Exercise :: Reproduce all of the records exactly.

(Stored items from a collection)
┄┄┄┄┄┄┄┄┄┄┄┄┄┄┄┄┄┄┄┄

(* Let $n\ge 2$ and let $P=(x+1)(x^{n-1}+c_1x^{n-2}+\cdots+c_{n-1})$ be a real polynomial, and let $a_1,\dots,a_{n-1}\in\mathbb C$ be the numbers (unique up to permutation) with $P=K_{a_1}*\cdots*K_{a_{n-1}}$, where $K_a=(x+1)^{n-1}(x+a)$. For $j=1,\dots,n-1$ put $b_j=-j/(n-j)$. (1) If $P$ has exactly $m\ge 0$ positive roots counted with multiplicity and a root of multiplicity exactly $k\ge 0$ at $0$, then among the numbers $a_i$ there are at least $m+\max(0,k-1)$ pairwise distinct negative real numbers, $\max(0,k-1)$ of which are $b_1,\dots,b_{k-1}$ (i.e. each of $b_1,\dots,b_{k-1}$ occurs among the $a_i$); moreover, if $k\ge 1$, then one of the numbers $a_i$ equals $0$. (2) If exactly $q$ of the numbers $a_i$ equal $0$ and exactly $q_1$ of them are positive real numbers, then $P$ has at least $q_1+\max(0,q-1)$ negative roots counted with multiplicity; and if $q\ge 1$, then $P(0)=0$.
   Context: Schur–Szegő composition of degree-$n$ polynomials: for $A=\sum_{j=0}^n\binom{n}{j}\alpha_jx^j$ and $B=\sum_{j=0}^n\binom{n}{j}\beta_jx^j$ one sets $A*B=\sum_{j=0}^n\binom{n}{j}\alpha_j\beta_jx^j$; this is commutative and associative, and for several polynomials $A_1*\cdots*A_s$ the coefficient of $\binom nj x^j$ is the product of the corresponding coefficients. All polynomials here are composed as degree-$n$ polynomials. It is known (and used as the definition of the $a_i$) that every polynomial of the form $(x+1)(x^{n-1}+c_1x^{n-2}+\cdots+c_{n-1})$ can be written as $K_{a_1}*\cdots*K_{a_{n-1}}$ with $K_a=(x+1)^{n-1}(x+a)$, the complex numbers $a_i$ being unique up to permutation; equivalently, since $K_a=\sum_{j=0}^n\binom nj\frac{(n-j)a+j}{n}x^j$, writing $P=\sum_j\binom nj p_jx^j$ one has $p_j=\prod_{i=1}^{n-1}\frac{(n-j)a_i+j}{n}$ for all $j$. For real $P$ the non-real $a_i$ come in complex conjugate pairs. *)

theory Defs
  imports "HOL-Computational_Algebra.Polynomial" Complex_Main
begin

text \<open>Schur-Szego composition of two polynomials, both regarded as degree-n polynomials:
  if A = sum_j (n choose j) alpha_j x^j and B = sum_j (n choose j) beta_j x^j then
  A * B = sum_j (n choose j) alpha_j beta_j x^j, i.e. the j-th coefficient is
  coeff A j * coeff B j / (n choose j).\<close>
definition schur_szego :: "nat \<Rightarrow> complex poly \<Rightarrow> complex poly \<Rightarrow> complex poly" where
  "schur_szego n A B =
     Poly (map (\<lambda>j. coeff A j * coeff B j / of_nat (n choose j)) [0..<Suc n])"

definition K_poly :: "nat \<Rightarrow> complex \<Rightarrow> complex poly" where
  "K_poly n a = [:1, 1:] ^ (n - 1) * [:a, 1:]"

text \<open>Schur-Szego composition K_{a_1} * ... * K_{a_s} (degree-n composition).
  The neutral element of the composition is (x+1)^n.\<close>
definition schur_szego_K :: "nat \<Rightarrow> complex list \<Rightarrow> complex poly" where
  "schur_szego_K n as = foldr (\<lambda>a acc. schur_szego n (K_poly n a) acc) as ([:1, 1:] ^ n)"

end

theory Submission
  imports Defs
begin

text \<open>
  Write \<open>P = \<Sum>\<^sub>j (n choose j) p\<^sub>j x\<^sup>j\<close>. Then \<open>p\<^sub>j = \<phi>(j)\<close> for the polynomial
  \<open>\<phi>(t) = \<Prod>\<^sub>i ((n - t) a\<^sub>i + t) / n\<close>, which is real because it has degree \<open>< n + 1\<close> and is real at
  \<open>t = 0, \<dots>, n\<close>; in particular \<open>P(0) = \<Prod>\<^sub>i a\<^sub>i\<close>. A root \<open>t \<in> (0, n)\<close> of \<open>\<phi>\<close> means that
  \<open>-t / (n - t)\<close>, a negative number depending injectively on \<open>t\<close>, is one of the \<open>a\<^sub>i\<close>.

  (1) If \<open>0\<close> is a root of multiplicity \<open>k\<close>, then \<open>\<phi>\<close> vanishes at \<open>0, \<dots>, k - 1\<close>, giving \<open>b\<^sub>1, \<dots>, b\<^sub>k\<^sub>-\<^sub>1\<close>.
  By Descartes' rule the \<open>m\<close> positive roots are bounded by the sign changes of \<open>p\<^sub>k, \<dots>, p\<^sub>n\<close>, and
  each of them forces a further root of \<open>\<phi>\<close> in \<open>(k, n)\<close>.

  (2) Composition with \<open>K\<^sub>a\<close> is the operator \<open>a + (1 - a)/n \<cdot> x d/dx\<close>. For real \<open>a > 0\<close> it is a
  multiple of \<open>x d/dx - t\<close> with \<open>t < 0\<close> or \<open>t > n\<close>, and by Rolle's theorem applied to
  \<open>|x|\<^sup>-\<^sup>t u(x)\<close> it loses no negative root; for \<open>a = 0\<close> it loses at most one, and none once \<open>u(0) = 0\<close>.
  Composing \<open>(x + 1)\<^sup>n\<close> first with the \<open>K\<^sub>a\<close> for the other \<open>a\<^sub>i\<close> leaves the root \<open>-1\<close> with
  multiplicity at least \<open>1 + q + q\<^sub>1\<close>.
\<close>

section \<open>Descartes' rule of signs\<close>

fun first_nonzero :: "real list \<Rightarrow> real" where
  "first_nonzero [] = 0"
| "first_nonzero (x # xs) = (if x \<noteq> 0 then x else first_nonzero xs)"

┄┄┄┄┄┄┄┄┄┄┄┄┄┄┄┄┄┄┄┄

Response to this task ::
(* Let $n\ge 2$ and let $P=(x+1)(x^{n-1}+c_1x^{n-2}+\cdots+c_{n-1})$ be a real polynomial, and let $a_1,\dots,a_{n-1}\in\mathbb C$ be the numbers (unique up to permutation) with $P=K_{a_1}*\cdots*K_{a_{n-1}}$, where $K_a=(x+1)^{n-1}(x+a)$. For $j=1,\dots,n-1$ put $b_j=-j/(n-j)$. (1) If $P$ has exactly $m\ge 0$ positive roots counted with multiplicity and a root of multiplicity exactly $k\ge 0$ at $0$, then among the numbers $a_i$ there are at least $m+\max(0,k-1)$ pairwise distinct negative real numbers, $\max(0,k-1)$ of which are $b_1,\dots,b_{k-1}$ (i.e. each of $b_1,\dots,b_{k-1}$ occurs among the $a_i$); moreover, if $k\ge 1$, then one of the numbers $a_i$ equals $0$. (2) If exactly $q$ of the numbers $a_i$ equal $0$ and exactly $q_1$ of them are positive real numbers, then $P$ has at least $q_1+\max(0,q-1)$ negative roots counted with multiplicity; and if $q\ge 1$, then $P(0)=0$.
   Context: Schur–Szegő composition of degree-$n$ polynomials: for $A=\sum_{j=0}^n\binom{n}{j}\alpha_jx^j$ and $B=\sum_{j=0}^n\binom{n}{j}\beta_jx^j$ one sets $A*B=\sum_{j=0}^n\binom{n}{j}\alpha_j\beta_jx^j$; this is commutative and associative, and for several polynomials $A_1*\cdots*A_s$ the coefficient of $\binom nj x^j$ is the product of the corresponding coefficients. All polynomials here are composed as degree-$n$ polynomials. It is known (and used as the definition of the $a_i$) that every polynomial of the form $(x+1)(x^{n-1}+c_1x^{n-2}+\cdots+c_{n-1})$ can be written as $K_{a_1}*\cdots*K_{a_{n-1}}$ with $K_a=(x+1)^{n-1}(x+a)$, the complex numbers $a_i$ being unique up to permutation; equivalently, since $K_a=\sum_{j=0}^n\binom nj\frac{(n-j)a+j}{n}x^j$, writing $P=\sum_j\binom nj p_jx^j$ one has $p_j=\prod_{i=1}^{n-1}\frac{(n-j)a_i+j}{n}$ for all $j$. For real $P$ the non-real $a_i$ come in complex conjugate pairs. *)

theory Defs
  imports "HOL-Computational_Algebra.Polynomial" Complex_Main
begin

text \<open>Schur-Szego composition of two polynomials, both regarded as degree-n polynomials:
  if A = sum_j (n choose j) alpha_j x^j and B = sum_j (n choose j) beta_j x^j then
  A * B = sum_j (n choose j) alpha_j beta_j x^j, i.e. the j-th coefficient is
  coeff A j * coeff B j / (n choose j).\<close>
definition schur_szego :: "nat \<Rightarrow> complex poly \<Rightarrow> complex poly \<Rightarrow> complex poly" where
  "schur_szego n A B =
     Poly (map (\<lambda>j. coeff A j * coeff B j / of_nat (n choose j)) [0..<Suc n])"

definition K_poly :: "nat \<Rightarrow> complex \<Rightarrow> complex poly" where
  "K_poly n a = [:1, 1:] ^ (n - 1) * [:a, 1:]"

text \<open>Schur-Szego composition K_{a_1} * ... * K_{a_s} (degree-n composition).
  The neutral element of the composition is (x+1)^n.\<close>
definition schur_szego_K :: "nat \<Rightarrow> complex list \<Rightarrow> complex poly" where
  "schur_szego_K n as = foldr (\<lambda>a acc. schur_szego n (K_poly n a) acc) as ([:1, 1:] ^ n)"

end

theory Submission
  imports Defs
begin

text \<open>
  Write \<open>P = \<Sum>\<^sub>j (n choose j) p\<^sub>j x\<^sup>j\<close>. Then \<open>p\<^sub>j = \<phi>(j)\<close> for the polynomial
  \<open>\<phi>(t) = \<Prod>\<^sub>i ((n - t) a\<^sub>i + t) / n\<close>, which is real because it has degree \<open>< n + 1\<close> and is real at
  \<open>t = 0, \<dots>, n\<close>; in particular \<open>P(0) = \<Prod>\<^sub>i a\<^sub>i\<close>. A root \<open>t \<in> (0, n)\<close> of \<open>\<phi>\<close> means that
  \<open>-t / (n - t)\<close>, a negative number depending injectively on \<open>t\<close>, is one of the \<open>a\<^sub>i\<close>.

  (1) If \<open>0\<close> is a root of multiplicity \<open>k\<close>, then \<open>\<phi>\<close> vanishes at \<open>0, \<dots>, k - 1\<close>, giving \<open>b\<^sub>1, \<dots>, b\<^sub>k\<^sub>-\<^sub>1\<close>.
  By Descartes' rule the \<open>m\<close> positive roots are bounded by the sign changes of \<open>p\<^sub>k, \<dots>, p\<^sub>n\<close>, and
  each of them forces a further root of \<open>\<phi>\<close> in \<open>(k, n)\<close>.

  (2) Composition with \<open>K\<^sub>a\<close> is the operator \<open>a + (1 - a)/n \<cdot> x d/dx\<close>. For real \<open>a > 0\<close> it is a
  multiple of \<open>x d/dx - t\<close> with \<open>t < 0\<close> or \<open>t > n\<close>, and by Rolle's theorem applied to
  \<open>|x|\<^sup>-\<^sup>t u(x)\<close> it loses no negative root; for \<open>a = 0\<close> it loses at most one, and none once \<open>u(0) = 0\<close>.
  Composing \<open>(x + 1)\<^sup>n\<close> first with the \<open>K\<^sub>a\<close> for the other \<open>a\<^sub>i\<close> leaves the root \<open>-1\<close> with
  multiplicity at least \<open>1 + q + q\<^sub>1\<close>.
\<close>

section \<open>Descartes' rule of signs\<close>

fun first_nonzero :: "real list \<Rightarrow> real" where
  "first_nonzero [] = 0"
| "first_nonzero (x # xs) = (if x \<noteq> 0 then x else first_nonzero xs)"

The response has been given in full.